Sesuatu yang putih dan bulat, seperti kantung udara, muncul dari tongkat yang terhubung dengan Bisco, menahan pukulan itu. Kemudian lusinan lagi muncul di sepanjang tongkat, dari ujung hingga gagang, tumbuh dari logam itu sendiri. Jamur bulat, kulit putihnya yang indah berkilau.
Dia menginfeksi tongkatku...!
Panah yang dia blokir secara langsung telah dilumuri racun. Dengan setiap ayunan tongkatnya, balon udara di dalamnya menyebar. Bisco bertarung secara bertahan dan melontarkan ejekan karena mengulur waktu, menunggu benih yang ditanamnya tumbuh.
Selagi Pawoo teralihkan, Bisco melakukan serangan balik. Dia melesat ke arahnya dan menendang perutnya, meluncurkannya tinggi-tinggi ke udara.
"Kau bisa tahu kapan mereka tumbuh dengan miselium putih yang muncul di sepanjang permukaan logam," kata Bisco, menyeringai dan menarik busur sampai batas. "Jika Kau tidak terganggu, mungkin Kau akan memenangkan yang satu ini."
“Akaboshiiiii!”
“Sudah waktunya Kau pensiun dan menikah,” katanya. "Sulit bagiku untuk membidik wajah cantik seperti itu."
Tidak mungkin Pawoo bisa menghindari tembakan Bisco sekarang. Dia melihat tanpa daya saat anak panah yang terinfeksi itu bersarang di bahunya yang berkarat, dan rasa sakit itu membuyarkan pikirannya.
Milo...! Ampuni dia, tolong..! Tolong jangan ambil dia...!
Pawoo dengan lembut menutup matanya dan jatuh ke tanah. Bisco melompat melintasi atap untuk menangkapnya dalam pelukan, sebelum mendarat dengan sedikit kehilangan keseimbangan.
"Ya ampun, dia tidak seringan kelihatannya."

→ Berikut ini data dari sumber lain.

(* Let $A$ be a real nonsingular tridiagonal $n\times n$ matrix with diagonal entries $A_{i,i}=b_i$ ($i=1,\dots,n$), subdiagonal entries $A_{i+1,i}=a_i$ and superdiagonal entries $A_{i,i+1}=c_i$ ($i=1,\dots,n-1$), let $\mathbf F\in\mathbb R^n$ and let $\mathbf X$ be the solution of $A\mathbf X=\mathbf F$. Let $p\ge 1$ and let $n_1<n_2<\dots<n_p$ be integers with $1<n_1$ and $n_p<n$; set $n_0=1$ and $n_{p+1}=n+1$. Assume that the matrices $B^L_{n_i}$ and $B^R_{n_i}$ (defined below) are nonsingular for $i=1,\dots,p$, and let $\mathbf Z^L_{n_i}$, $\mathbf Z^R_{n_i}$ be the solutions of $B^L_{n_i}\mathbf Z^L_{n_i}=\mathbf e^L$ and $B^R_{n_i}\mathbf Z^R_{n_i}=\mathbf e^R$. Define $$\beta^L_{n_j}=\sum_{l=n_{j-1}}^{n_j-1}(\mathbf F)_l\,(A^{-1})_{n_{j-1},l}\quad (j=2,\dots,p+1),\qquad \beta^R_{n_j}=\sum_{l=n_{j-1}}^{n_j-1}(\mathbf F)_l\,(A^{-1})_{n_j,l}\quad (j=1,\dots,p).$$ Then for every $i=1,\dots,p$, $$(\mathbf X)_{n_i}=\sum_{j=1}^{i}\beta^R_{n_j}\,(\mathbf Z^R_{n_j})_{n_i}+\sum_{j=i+1}^{p+1}\beta^L_{n_j}\,(\mathbf Z^L_{n_{j-1}})_{n_i}.$$
   Context: For $1\le k\le n$: $B^L_k$ is the $k\times k$ matrix whose rows $1,\dots,k-1$ are rows $1,\dots,k-1$ of $A$ restricted to columns $1,\dots,k$, and whose last row is $(0,\dots,0,1)$; $\mathbf e^L=(0,\dots,0,1)^{\mathrm T}\in\mathbb R^k$, and the components of $\mathbf Z^L_k$ are indexed $1,\dots,k$. $B^R_k$ is the $(n-k+1)\times(n-k+1)$ matrix with rows and columns indexed by $k,\dots,n$, whose row $k$ is $(1,0,\dots,0)$ and whose row $m$ ($m=k+1,\dots,n$) is row $m$ of $A$ restricted to columns $k,\dots,n$; $\mathbf e^R=(1,0,\dots,0)^{\mathrm T}\in\mathbb R^{n-k+1}$, and the components of $\mathbf Z^R_k$ are indexed $k,\dots,n$. $(\mathbf V)_m$ is the $m$-th component of a vector and $(A^{-1})_{r,l}$ the $(r,l)$ entry of $A^{-1}$. *)

theory Defs
  imports "Jordan_Normal_Form.Matrix"
begin

text \<open>Index convention: Jordan_Normal_Form matrices/vectors are 0-indexed, so the
paper's index m (1-based) corresponds to index m-1 here.\<close>

definition tridiagonal :: "real mat \<Rightarrow> bool" where
  "tridiagonal A \<longleftrightarrow> (\<forall>i<dim_row A. \<forall>j<dim_col A. (j + 1 < i \<or> i + 1 < j) \<longrightarrow> A $$ (i,j) = 0)"

definition BL :: "real mat \<Rightarrow> nat \<Rightarrow> real mat" where
  "BL A k = mat k k (\<lambda>(i,j). if i + 1 < k then A $$ (i,j) else (if j + 1 = k then 1 else 0))"

definition eL :: "nat \<Rightarrow> real vec" where
  "eL k = vec k (\<lambda>i. if i + 1 = k then 1 else 0)"

text \<open>B^R_k (for an n x n matrix A): (n-k+1) x (n-k+1), local index r corresponds to
paper index k+r; row k is (1,0,...,0); row m>k is row m of A restricted to columns k..n.\<close>
definition BR :: "real mat \<Rightarrow> nat \<Rightarrow> nat \<Rightarrow> real mat" where
  "BR A n k = mat (n - k + 1) (n - k + 1)
     (\<lambda>(r,s). if r = 0 then (if s = 0 then 1 else 0) else A $$ (k - 1 + r, k - 1 + s))"

definition eR :: "nat \<Rightarrow> nat \<Rightarrow> real vec" where
  "eR n k = vec (n - k + 1) (\<lambda>i. if i = 0 then 1 else 0)"

end

theory Submission imports Defs begin

text \<open>Expand \<open>X_m = \<Sum>_l F_l (A\<^sup>-\<^sup>1)_{m,l}\<close> and cut the range of \<open>l\<close> into the blocks
  \<open>[n_{j-1}, n_j)\<close>. Fix an index \<open>k\<close> and a column \<open>l\<close> of \<open>A\<^sup>-\<^sup>1\<close>. As \<open>A\<close> is
  tridiagonal, rows \<open>m < k\<close> of \<open>A\<close> vanish right of column \<open>k\<close> and rows \<open>m > k\<close> vanish
  left of column \<open>k\<close>. Hence, reading off \<open>A A\<^sup>-\<^sup>1 = I\<close> in these rows, for \<open>l \<ge> k\<close> the
  entries \<open>1..k\<close> of column \<open>l\<close> solve \<open>B^L_k z = (A\<^sup>-\<^sup>1)_{k,l} e^L\<close>, and for \<open>l < k\<close> the
  entries \<open>k..n\<close> solve \<open>B^R_k z = (A\<^sup>-\<^sup>1)_{k,l} e^R\<close>. By uniqueness they are
  \<open>(A\<^sup>-\<^sup>1)_{k,l}\<close> times \<open>Z^L_k\<close> resp. \<open>Z^R_k\<close>. Taking \<open>k = n_j\<close> on the blocks left of
  \<open>n_i\<close> and \<open>k = n_{j-1}\<close> on those right of it, the factor \<open>(Z_k)_{n_i}\<close> does not depend
  on \<open>l\<close> and leaves the block sum, which becomes \<open>\<beta>_{n_j}\<close>.\<close>

lemma invertible_mat_mult_vec_cancel:
  assumes B: "invertible_mat (B :: 'a :: semiring_1 mat)" and Bc: "B \<in> carrier_mat k k"
    and v: "v \<in> carrier_vec k" and w: "w \<in> carrier_vec k" and eq: "B *\<^sub>v v = B *\<^sub>v w"
  shows "v = w"
proof -
  obtain B' where inv: "B' * B = 1\<^sub>m (dim_row B')" "B * B' = 1\<^sub>m (dim_row B)"
    using B unfolding invertible_mat_def inverts_mat_def by blast
  have "dim_row B' = k" "dim_col B' = k"
    using inv Bc by (metis carrier_matD index_mult_mat(2,3) index_one_mat(2,3))+
  hence B'c: "B' \<in> carrier_mat k k" by auto
  have "v = (B' * B) *\<^sub>v v" using inv(1) v B'c by auto
  also have "\<dots> = B' *\<^sub>v (B *\<^sub>v w)" using B'c Bc v eq by (simp add: assoc_mult_mat_vec)
  also have "\<dots> = (B' * B) *\<^sub>v w" using B'c Bc w by (simp add: assoc_mult_mat_vec)
  also have "\<dots> = w" using inv(1) w B'c by auto
  finally show ?thesis .
qed

lemma right_inverse_row_col_sum:
  assumes "A \<in> carrier_mat n n" "Ainv \<in> carrier_mat n n" "A * Ainv = 1\<^sub>m n" "m < n" "c < n"
  shows "(\<Sum>t\<in>{0..<n}. A $$ (m, t) * Ainv $$ (t, c)) = (if m = c then 1 else 0)"
proof -
  have "(A * Ainv) $$ (m, c) = 1\<^sub>m n $$ (m, c)" using assms(3) by simp
  thus ?thesis using assms(1,2,4,5) by (simp add: scalar_prod_def)
qed

lemma tridiagonal_row_sum_prefix:
  assumes "A \<in> carrier_mat n n" "tridiagonal A" "m + 1 < k" "k \<le> n"
  shows "(\<Sum>t\<in>{0..<n}. A $$ (m, t) * v t) = (\<Sum>t\<in>{0..<k}. A $$ (m, t) * v t)"
proof -
  have "(\<Sum>t\<in>{k..<n}. A $$ (m, t) * v t) = 0"
    using assms unfolding tridiagonal_def by (intro sum.neutral) auto
  moreover have "{0..<n} = {0..<k} \<union> {k..<n}" using assms(4) by auto
  ultimately show ?thesis by (simp add: sum.union_disjoint)
qed

lemma tridiagonal_row_sum_suffix:
  assumes "A \<in> carrier_mat n n" "tridiagonal A" "K < m" "m < n"
  shows "(\<Sum>t\<in>{0..<n}. A $$ (m, t) * v t) = (\<Sum>s\<in>{0..<n - K}. A $$ (m, K + s) * v (K + s))"
proof -
  have "(\<Sum>t\<in>{0..<K}. A $$ (m, t) * v t) = 0"
    using assms unfolding tridiagonal_def by (intro sum.neutral) auto
  moreover have "{0..<n} = {0..<K} \<union> {K..<n}" using assms by auto
  moreover have "(\<Sum>t\<in>{K..<n}. A $$ (m, t) * v t) = (\<Sum>s\<in>{0..<n - K}. A $$ (m, K + s) * v (K + s))"
    using sum.shift_bounds_nat_ivl[of "\<lambda>t. A $$ (m, t) * v t" 0 K "n - K"] assms
    by (simp add: add.commute)
  ultimately show ?thesis by (simp add: sum.union_disjoint)
qed

lemma inverse_entry_via_BL:
  assumes A: "A \<in> carrier_mat n n" and tri: "tridiagonal A"
    and Ai: "Ainv \<in> carrier_mat n n" and AAi: "A * Ainv = 1\<^sub>m n"
    and B: "invertible_mat (BL A k)"
    and Zc: "Z \<in> carrier_vec k" and Z: "BL A k *\<^sub>v Z = eL k"
    and c: "k - 1 \<le> c" "c < n" and r: "r < k"
  shows "Ainv $$ (r, c) = Ainv $$ (k - 1, c) * Z $ r"
proof -
  define w where "w = vec k (\<lambda>r. Ainv $$ (r, c))"
  have Bc: "BL A k \<in> carrier_mat k k" unfolding BL_def by simp
  have "BL A k *\<^sub>v w = Ainv $$ (k - 1, c) \<cdot>\<^sub>v eL k"
  proof (rule eq_vecI)
    fix q assume "q < dim_vec (Ainv $$ (k - 1, c) \<cdot>\<^sub>v eL k)"
    hence q: "q < k" by (simp add: eL_def)
    show "(BL A k *\<^sub>v w) $ q = (Ainv $$ (k - 1, c) \<cdot>\<^sub>v eL k) $ q"
    proof (cases "q + 1 < k")
      case True
      have "(BL A k *\<^sub>v w) $ q = (\<Sum>t\<in>{0..<k}. A $$ (q, t) * Ainv $$ (t, c))"
        using q True by (simp add: BL_def w_def mult_mat_vec_def scalar_prod_def)
      also have "\<dots> = (\<Sum>t\<in>{0..<n}. A $$ (q, t) * Ainv $$ (t, c))"
        using tridiagonal_row_sum_prefix[OF A tri True] c by simp
      also have "\<dots> = 0"
        using right_inverse_row_col_sum[OF A Ai AAi _ c(2), of q] True c by simp
      finally show ?thesis using q True by (simp add: eL_def)
    next
      case False
      hence "q = k - 1" using q by linarith
      moreover have "(BL A k *\<^sub>v w) $ (k - 1) = w $ (k - 1)"
        using q
        by (simp add: BL_def mult_mat_vec_def scalar_prod_def w_def,
            subst sum.cong[OF refl, of _ _ "\<lambda>t. if t = k - 1 then Ainv $$ (t, c) else 0"]) auto
      ultimately show ?thesis using q by (simp add: w_def eL_def)
    qed
  qed (simp add: BL_def eL_def)
  also have "\<dots> = BL A k *\<^sub>v (Ainv $$ (k - 1, c) \<cdot>\<^sub>v Z)"
    using mult_mat_vec[OF Bc Zc] Z by simp
  finally have "w = Ainv $$ (k - 1, c) \<cdot>\<^sub>v Z"
    using invertible_mat_mult_vec_cancel[OF B Bc] Zc by (simp add: w_def)
  thus ?thesis using r Zc by (metis w_def index_smult_vec(1) index_vec carrier_vecD)
qed

lemma inverse_entry_via_BR:
  assumes A: "A \<in> carrier_mat n n" and tri: "tridiagonal A"
    and Ai: "Ainv \<in> carrier_mat n n" and AAi: "A * Ainv = 1\<^sub>m n"
    and B: "invertible_mat (BR A n k)"
    and Zc: "Z \<in> carrier_vec (n - k + 1)" and Z: "BR A n k *\<^sub>v Z = eR n k"
    and k: "1 \<le> k" "k \<le> n" and c: "c < k - 1" and r: "r < n - k + 1"
  shows "Ainv $$ (k - 1 + r, c) = Ainv $$ (k - 1, c) * Z $ r"
proof -
  define K where "K = k - 1"
  define w where "w = vec (n - k + 1) (\<lambda>r. Ainv $$ (K + r, c))"
  have Bc: "BR A n k \<in> carrier_mat (n - k + 1) (n - k + 1)" unfolding BR_def by simp
  have "BR A n k *\<^sub>v w = Ainv $$ (K, c) \<cdot>\<^sub>v eR n k"
  proof (rule eq_vecI)
    fix q assume "q < dim_vec (Ainv $$ (K, c) \<cdot>\<^sub>v eR n k)"
    hence q: "q < n - k + 1" by (simp add: eR_def)
    show "(BR A n k *\<^sub>v w) $ q = (Ainv $$ (K, c) \<cdot>\<^sub>v eR n k) $ q"
    proof (cases "q = 0")
      case True
      then show ?thesis using q
        by (simp add: BR_def eR_def w_def mult_mat_vec_def scalar_prod_def sum.atLeast_Suc_lessThan)
    next
      case False
      have m: "K < K + q" "K + q < n" using q k False K_def by linarith+
      have "(BR A n k *\<^sub>v w) $ q = (\<Sum>s\<in>{0..<n - K}. A $$ (K + q, K + s) * Ainv $$ (K + s, c))"
        using q False k by (simp add: BR_def w_def mult_mat_vec_def scalar_prod_def K_def
            Suc_diff_le add.commute)
      also have "\<dots> = (\<Sum>t\<in>{0..<n}. A $$ (K + q, t) * Ainv $$ (t, c))"
        using tridiagonal_row_sum_suffix[OF A tri m] by simp
      also have "\<dots> = 0"
        using right_inverse_row_col_sum[OF A Ai AAi m(2), of c] c k K_def by simp
      finally show ?thesis using q False by (simp add: eR_def)
    qed
  qed (simp add: BR_def eR_def)
  also have "\<dots> = BR A n k *\<^sub>v (Ainv $$ (K, c) \<cdot>\<^sub>v Z)"
    using mult_mat_vec[OF Bc Zc] Z by simp
  finally have "w = Ainv $$ (K, c) \<cdot>\<^sub>v Z"
    using invertible_mat_mult_vec_cancel[OF B Bc] Zc by (simp add: w_def)
  thus ?thesis using r Zc
    by (metis w_def K_def index_smult_vec(1) index_vec carrier_vecD)
qed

Sambil memegangi Pawoo di atas bahunya, Bisco turun ke jalan belakang dan hendak berlari, ketika dia melihat rambut panjang sutranya terseret ke tanah. Tidak tahan melihat pemandangan menyedihkan itu, dia menyesuaikan tubuh Pawoo sehingga dia membawa rambutnya dengan hati-hati di lengannya, sebelum pergi layaknya Hermes kedalam gang-gang gelap kota.